问题
Here's a neat one for you (MySQL, obviously):
# Setting things up DROP DATABASE IF EXISTS index_test_gutza; CREATE DATABASE index_test_gutza; USE index_test_gutza; CREATE TABLE customer_order ( id MEDIUMINT UNSIGNED NOT NULL AUTO_INCREMENT, invoice MEDIUMINT UNSIGNED NOT NULL DEFAULT 0, PRIMARY KEY(id) ); INSERT INTO customer_order (id, invoice) VALUES (1, 1), (2, 2), (3, 3), (4, 4), (5, 5); CREATE TABLE customer_invoice ( id MEDIUMINT UNSIGNED NOT NULL AUTO_INCREMENT, invoice_no MEDIUMINT UNSIGNED DEFAULT NULL, invoice_pdf LONGBLOB, PRIMARY KEY(id) ); INSERT INTO customer_invoice (id, invoice_no) VALUES (1, 1), (2, 2), (3, 3), (4, 4), (5, 5); # Ok, here's the beef EXPLAIN SELECT co.id FROM customer_order AS co; EXPLAIN SELECT co.id FROM customer_order AS co ORDER BY co.id; EXPLAIN SELECT co.id, ci.invoice_no FROM customer_order AS co LEFT JOIN customer_invoice AS ci ON ci.id=co.invoice; EXPLAIN SELECT co.id, ci.invoice_no FROM customer_order AS co LEFT JOIN customer_invoice AS ci ON ci.id=co.invoice ORDER BY co.id;
There are four EXPLAIN statements at the bottom. The first two result in exactly what you'd expect:
+----+-------------+-------+-------+---------------+---------+---------+------+------+-------------+ | id | select_type | table | type | possible_keys | key | key_len | ref | rows | Extra | +----+-------------+-------+-------+---------------+---------+---------+------+------+-------------+ | 1 | SIMPLE | co | index | NULL | PRIMARY | 3 | NULL | 5 | Using index | +----+-------------+-------+-------+---------------+---------+---------+------+------+-------------+
The third one is already interesting -- notice how the primary key in customer_order is not used any more:
+----+-------------+-------+--------+---------------+---------+---------+-----------------------------+------+-------------+ | id | select_type | table | type | possible_keys | key | key_len | ref | rows | Extra | +----+-------------+-------+--------+---------------+---------+---------+-----------------------------+------+-------------+ | 1 | SIMPLE | co | ALL | NULL | NULL | NULL | NULL | 5 | | | 1 | SIMPLE | ci | eq_ref | PRIMARY | PRIMARY | 3 | index_test_gutza.co.invoice | 1 | Using index | +----+-------------+-------+--------+---------------+---------+---------+-----------------------------+------+-------------+
The fourth one, however, is the zinger -- simply adding the ORDER BY on the primary key leads to filesort on customer_order (which is to be expected, given that it was already bewildered above):
+----+-------------+-------+--------+---------------+---------+---------+-----------------------------+------+----------------+ | id | select_type | table | type | possible_keys | key | key_len | ref | rows | Extra | +----+-------------+-------+--------+---------------+---------+---------+-----------------------------+------+----------------+ | 1 | SIMPLE | co | ALL | NULL | NULL | NULL | NULL | 5 | Using filesort | | 1 | SIMPLE | ci | eq_ref | PRIMARY | PRIMARY | 3 | index_test_gutza.co.invoice | 1 | Using index | +----+-------------+-------+--------+---------------+---------+---------+-----------------------------+------+----------------+
Filesort! And that while I'm never using anything except the primary key in the customer_order table for ordering, and the primary key in the customer_invoice table for the JOIN. So then, in the name of all that is good and right, why does it switch to filesort all of a sudden?! And more importantly, how do I avoid this? For the record, I will gladly accept a documented answer explaining why this cannot be avoided (if that's the case.)

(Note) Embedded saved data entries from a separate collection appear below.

lemma zeta_surj:
  assumes "0 < z"
  obtains s where "0 < s" "s < 1" "zeta s = z"
proof -
  define t where "t = 1 - exp (- z) / 2"
  have "exp (- z) < 1" using assms by simp
  then have t: "0 < t" "t < 1" unfolding t_def using exp_gt_zero[of "- z"] by linarith+
  have "ln (1 - t) = - z - ln 2"
    unfolding t_def by (simp add: ln_div)
  moreover have "lnQ t \<ge> ln (3/4)"
    using zero_le_power2[of "t - 1/2"] unfolding lnQ_def by (simp add: power2_eq_square algebra_simps)
  moreover have "0 \<le> ln (3/4) + ln (2 :: real)"
    using ln_mult[of "3/4" "2::real"] ln_ge_zero[of "3/2::real"] by simp
  ultimately have "z \<le> zeta t"
    unfolding zeta_def by simp
  then obtain s where s: "0 \<le> s" "s \<le> t" "zeta s = z"
    using IVT'[of zeta 0 z t] continuous_on_zeta[of t] t assms by force
  with assms have "s \<noteq> 0" by auto
  show thesis by (rule that[of s]) (use s t \<open>s \<noteq> 0\<close> in auto)
qed

lemma one_minus_le_exp_minus_zeta:
  assumes "0 \<le> s" "s < 1"
  shows "1 - s \<le> exp (- zeta s)"
proof -
  have "ln (1 - s) \<le> - zeta s"
    unfolding zeta_def using lnQ_nonpos[of s] assms by simp
  then show ?thesis using assms by (metis exp_le_cancel_iff exp_ln diff_gt_0_iff_gt)
qed

lemma Psi_minus_Psi_0_le_zeta:
  assumes "0 < s" "s \<le> 0.7" "zeta s \<le> 1/2"
  shows "Psi s - Psi 0 \<le> 5 * zeta s * (10/3 - ln (zeta s))"
proof -
  define a where "a = zeta s"
  have a: "0 < a" "a \<le> 1/2" unfolding a_def using zeta_pos[of s] assms by auto
  have e: "s\<^sup>2 / (1 - s) = exp a - 1"
  proof -
    have "0 < 1 + s\<^sup>2 / (1 - s)" using assms by (intro add_pos_nonneg) auto
    moreover have "a = ln (1 + s\<^sup>2 / (1 - s))"
      unfolding a_def using zeta_eq_ln assms by simp
    ultimately have "1 + s\<^sup>2 / (1 - s) = exp a" by simp
    then show ?thesis by simp
  qed
  have "s\<^sup>2 \<le> s\<^sup>2 / (1 - s)" using assms by (simp add: le_divide_eq)
  also have "\<dots> \<le> 1 / (1 - a) - 1" unfolding e using exp_le_inverse_one_minus[of a] a by simp
  also have "\<dots> \<le> 2 * a" using a by (simp add: field_simps)
  finally have s_hi: "s\<^sup>2 \<le> 2 * a" .
  have "a \<le> exp a - 1" using exp_ge_add_one_self[of a] by linarith
  then have "a * (3/10) \<le> (exp a - 1) * (1 - s)"
    using a assms by (intro mult_mono) auto
  also have "\<dots> = s\<^sup>2" using e assms by (simp add: field_simps)
  finally have s_lo: "3/10 * a \<le> s\<^sup>2" by simp
  have "ln (3/10 * a) \<le> ln (s\<^sup>2)" using s_lo a assms by simp
  moreover have "ln (3/10 * a) = ln (3/10) + ln a" by (rule ln_mult_pos) (use a in auto)
  moreover have "ln (s\<^sup>2) = 2 * ln s" using assms by (simp add: ln_realpow)
  ultimately have "ln (3/10) + ln a \<le> 2 * ln s" by linarith
  moreover have "- (7/3) \<le> ln (3/10 :: real)"
    using ln_ge_one_minus_inverse[of "3/10"] by simp
  ultimately have ln_s: "- ln s \<le> 7/6 - ln a / 2" by linarith
  have "0 \<le> - ln s" using assms by simp
  have "Psi s - Psi 0 \<le> 5/2 * s\<^sup>2 + 5 * s\<^sup>2 * (- ln s)"
    using Psi_minus_Psi_0_le[OF assms(1,2)] by simp
  also have "\<dots> \<le> 5/2 * (2 * a) + 5 * (2 * a) * (7/6 - ln a / 2)"
    using s_hi ln_s \<open>0 \<le> - ln s\<close> a by (intro add_mono mult_left_mono mult_mono) auto
  also have "\<dots> = 5 * a * (10/3 - ln a)" by (simp add: algebra_simps)
  finally show ?thesis unfolding a_def .
qed

lemma ceiling_inverse_sqrt_times_bounds:
  fixes q :: real
  assumes "0 < q"
  shows "sqrt q \<le> of_int \<lceil>1 / sqrt q\<rceil> * q" "of_int \<lceil>1 / sqrt q\<rceil> * q \<le> sqrt q + q"
proof -
  have "1 / sqrt q * q = sqrt q" using assms by (simp add: field_simps)
  moreover have "(1 / sqrt q + 1) * q = sqrt q + q" using assms by (simp add: field_simps)
  moreover have "1 / sqrt q \<le> of_int \<lceil>1 / sqrt q\<rceil>" "of_int \<lceil>1 / sqrt q\<rceil> \<le> 1 / sqrt q + 1"
    by linarith+
  ultimately show "sqrt q \<le> of_int \<lceil>1 / sqrt q\<rceil> * q" "of_int \<lceil>1 / sqrt q\<rceil> * q \<le> sqrt q + q"
    using assms by (metis mult_right_mono less_imp_le)+
qed

lemma floor_divide_times_gt:
  fixes q x :: real
  assumes "0 < q"
  shows "x - q < of_int \<lfloor>(1 / q) * x\<rfloor> * q"
proof -
  have "((1 / q) * x - 1) * q < of_int \<lfloor>(1 / q) * x\<rfloor> * q"
    using assms by (intro mult_strict_right_mono) linarith+
  moreover have "((1 / q) * x - 1) * q = x - q" using assms by (simp add: field_simps)
  ultimately show ?thesis by simp
qed


lemma exp_minus_floor_le:
  fixes q :: real
  assumes "0 < q" "q < 1"
  shows "exp (- (of_int \<lfloor>(1 / q) * ln (1 / q)\<rfloor> * q)) \<le> q / (1 - q)"
proof -
  have "exp (- (of_int \<lfloor>(1 / q) * ln (1 / q)\<rfloor> * q)) \<le> exp (q - ln (1 / q))"
    using floor_divide_times_gt[OF assms(1), of "ln (1 / q)"] by simp
  also have "\<dots> = exp q * q" using assms by (simp add: exp_diff)
  also have "\<dots> \<le> 1 / (1 - q) * q"
    using exp_le_inverse_one_minus[OF assms(2)] assms by (intro mult_right_mono) auto
  finally show ?thesis by simp
qed

lemma zeta_seven_tenths_ge: "4/9 \<le> zeta 0.7"
proof -
  have "zeta 0.7 = ln (79/30)" using zeta_eq_ln[of "0.7"] by (simp add: power2_eq_square)
  moreover have "1 - 1 / (79/30) \<le> ln (79/30 :: real)" by (rule ln_ge_one_minus_inverse) simp
  ultimately show ?thesis by simp
qed

lemma one_le_ln_inverse:
  fixes q :: real
  assumes "0 < q" "q \<le> 1/3"
  shows "1 \<le> ln (1 / q)"
proof -
  have "q * exp 1 \<le> q * 3" using exp_le assms by (intro mult_left_mono) auto
  then have "q * exp 1 \<le> 1" using assms by linarith
  then have "exp 1 \<le> 1 / q" using assms by (simp add: field_simps)
  then show ?thesis using assms by (simp add: ln_ge_iff)
qed

lemma Psi_minus_Psi_0_le_sqrt:
  fixes q s :: real
  assumes q: "0 < q" "q < 1/9" and s: "0 < s" "s \<le> 0.7"
    and zeta_s: "sqrt q \<le> zeta s" "zeta s \<le> 4/3 * sqrt q"
  shows "Psi s - Psi 0 \<le> 27 * sqrt q * ln (1 / q)"
proof -
  define a where "a = zeta s"
  define l where "l = ln (1 / q)"
  have l: "1 \<le> l" unfolding l_def using one_le_ln_inverse q by simp
  have "0 < sqrt q" "sqrt q < 1/3"
    using q real_sqrt_less_iff[of q "1/9"] real_sqrt_divide[of 1 9] by auto
  then have a: "0 < a" "a \<le> 1/2" using zeta_s unfolding a_def by linarith+
  have "ln (sqrt q) \<le> ln a" using zeta_s q unfolding a_def by (intro ln_mono) auto
  moreover have "ln (sqrt q) = - l / 2" unfolding l_def using q by (simp add: ln_sqrt ln_div)
  moreover have "ln a \<le> 0" using a by simp
  ultimately have "10/3 - ln a \<le> 10/3 + l / 2" "0 \<le> 10/3 - ln a" by linarith+
  then have "5 * a * (10/3 - ln a) \<le> 5 * (4/3 * sqrt q) * (10/3 + l / 2)"
    using zeta_s a q unfolding a_def by (intro mult_mono) auto
  also have "\<dots> = 200/9 * sqrt q + 10/3 * (sqrt q * l)" by (simp add: algebra_simps)
  also have "\<dots> \<le> 27 * sqrt q * l"
  proof -
    have "sqrt q \<le> sqrt q * l" using l q by (simp add: mult_le_cancel_left1)
    then show ?thesis using \<open>0 < sqrt q\<close> unfolding mult.assoc by linarith
  qed
  finally show ?thesis
    using Psi_minus_Psi_0_le_zeta[OF s] a unfolding a_def l_def by simp
qed

lemma Psi_1_minus_Psi_le_q:
  fixes q s :: real
  assumes q: "0 < q" "q < 1/9" and s: "0 < s" "s < 1"
    and zeta_s: "zeta s = of_int \<lfloor>(1 / q) * ln (1 / q)\<rfloor> * q"
  shows "Psi 1 - Psi s \<le> 6 * q"
proof -
  have "1 - s \<le> q / (1 - q)"
    using one_minus_le_exp_minus_zeta[of s] exp_minus_floor_le[of q] s q zeta_s by simp
  then have "Psi 1 - Psi s \<le> 5 * (q / (1 - q))"
    using Psi_1_minus_le[OF s] by simp
  also have "\<dots> \<le> 6 * q" using q by (simp add: field_simps)
  finally show ?thesis .
qed

lemma integral_g_lower_bound:
  fixes q :: real
  assumes q: "0 < q" "q < 1/9"
  shows "pi\<^sup>2 / 18 - 33 * sqrt q * ln (1 / q)
    \<le> integral {of_int \<lceil>1 / sqrt q\<rceil> * q .. of_int \<lfloor>(1 / q) * ln (1 / q)\<rfloor> * q} g"
proof -
  define a where "a = of_int \<lceil>1 / sqrt q\<rceil> * q"
  define b where "b = of_int \<lfloor>(1 / q) * ln (1 / q)\<rfloor> * q"
  have l: "1 \<le> ln (1 / q)" using one_le_ln_inverse q by simp
  have s: "0 < sqrt q" "sqrt q < 1/3"
    using q real_sqrt_less_iff[of q "1/9"] real_sqrt_divide[of 1 9] by auto
  have "sqrt q * sqrt q \<le> sqrt q * (1/3)" using s by (intro mult_left_mono) auto
  then have "q \<le> sqrt q / 3" using q by simp
  then have a: "sqrt q \<le> a" "a \<le> 4/3 * sqrt q"
    using ceiling_inverse_sqrt_times_bounds[OF q(1)] unfolding a_def by auto
  have "a < b"
    using floor_divide_times_gt[OF q(1), of "ln (1 / q)"] a s l q unfolding b_def by simp
  obtain sa where sa: "0 < sa" "sa < 1" "zeta sa = a"
    using zeta_surj[of a] a s by auto
  obtain sb where sb: "0 < sb" "sb < 1" "zeta sb = b"
    using zeta_surj[of b] a s \<open>a < b\<close> by auto
  have "sa \<le> 0.7"
    using zeta_le_iff[of sa "0.7"] zeta_seven_tenths_ge sa a s by simp
  have "sa \<le> sb" using zeta_le_iff[of sa sb] sa sb \<open>a < b\<close> by simp
  have "sqrt q \<le> sqrt q * ln (1 / q)" using l q by (simp add: mult_le_cancel_left1)
  then have "q \<le> sqrt q * ln (1 / q)" using \<open>q \<le> sqrt q / 3\<close> s by linarith
  then have "Psi 1 - Psi sb \<le> 6 * sqrt q * ln (1 / q)"
    using Psi_1_minus_Psi_le_q[OF q sb(1,2)] sb unfolding b_def by simp
  moreover have "Psi sa - Psi 0 \<le> 27 * sqrt q * ln (1 / q)"
    using Psi_minus_Psi_0_le_sqrt[OF q sa(1) \<open>sa \<le> 0.7\<close>] sa a by simp
  moreover have "integral {a..b} g = Psi sb - Psi sa"
    using integral_g_zeta[of sa sb] sa sb \<open>sa \<le> sb\<close> by simp
  ultimately show ?thesis
    using Psi_1_minus_Psi_0 unfolding a_def b_def by simp
qed

theorem lemma9:
  shows "\<exists>C1::real. \<forall>p::real. 0 < p \<and> p < 0.1 \<longrightarrow>
    (let q = - ln (1 - p);
         A = \<lceil>1 / sqrt q\<rceil>;
         B = \<lfloor>(1 / q) * ln (1 / q)\<rfloor>
     in integral {of_int A * q .. of_int B * q} g \<ge> pi\<^sup>2 / 18 - C1 * sqrt q * ln (1 / q))"
proof (intro exI[of _ 33] allI impI)
  fix p :: real
  assume p: "0 < p \<and> p < 0.1"
  have "1 - 1 / (1 - p) \<le> ln (1 - p)" using p by (intro ln_ge_one_minus_inverse) auto
  moreover have "- (1/9) < 1 - 1 / (1 - p)" using p by (simp add: field_simps)
  ultimately have "- ln (1 - p) < 1/9" by linarith
  moreover have "0 < - ln (1 - p)" using p by simp
  ultimately show "let q = - ln (1 - p); A = \<lceil>1 / sqrt q\<rceil>; B = \<lfloor>(1 / q) * ln (1 / q)\<rfloor>
     in integral {of_int A * q .. of_int B * q} g \<ge> pi\<^sup>2 / 18 - 33 * sqrt q * ln (1 / q)"
    unfolding Let_def using integral_g_lower_bound by blast
qed

end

As you probably suspect by now, this is actually happening in production, and although the tables are by no means huge (only hundreds of records), the filesort on the invoice table (which contains a PDF file) is killing the server when I run queries similar to the one above (which I need in order to know which orders have been issued invoices, and which weren't).
Before you ask, I designed the database, and I thought I was safe storing the PDF files in that table because I never ever need any search queries on it -- I always have its primary key at hand!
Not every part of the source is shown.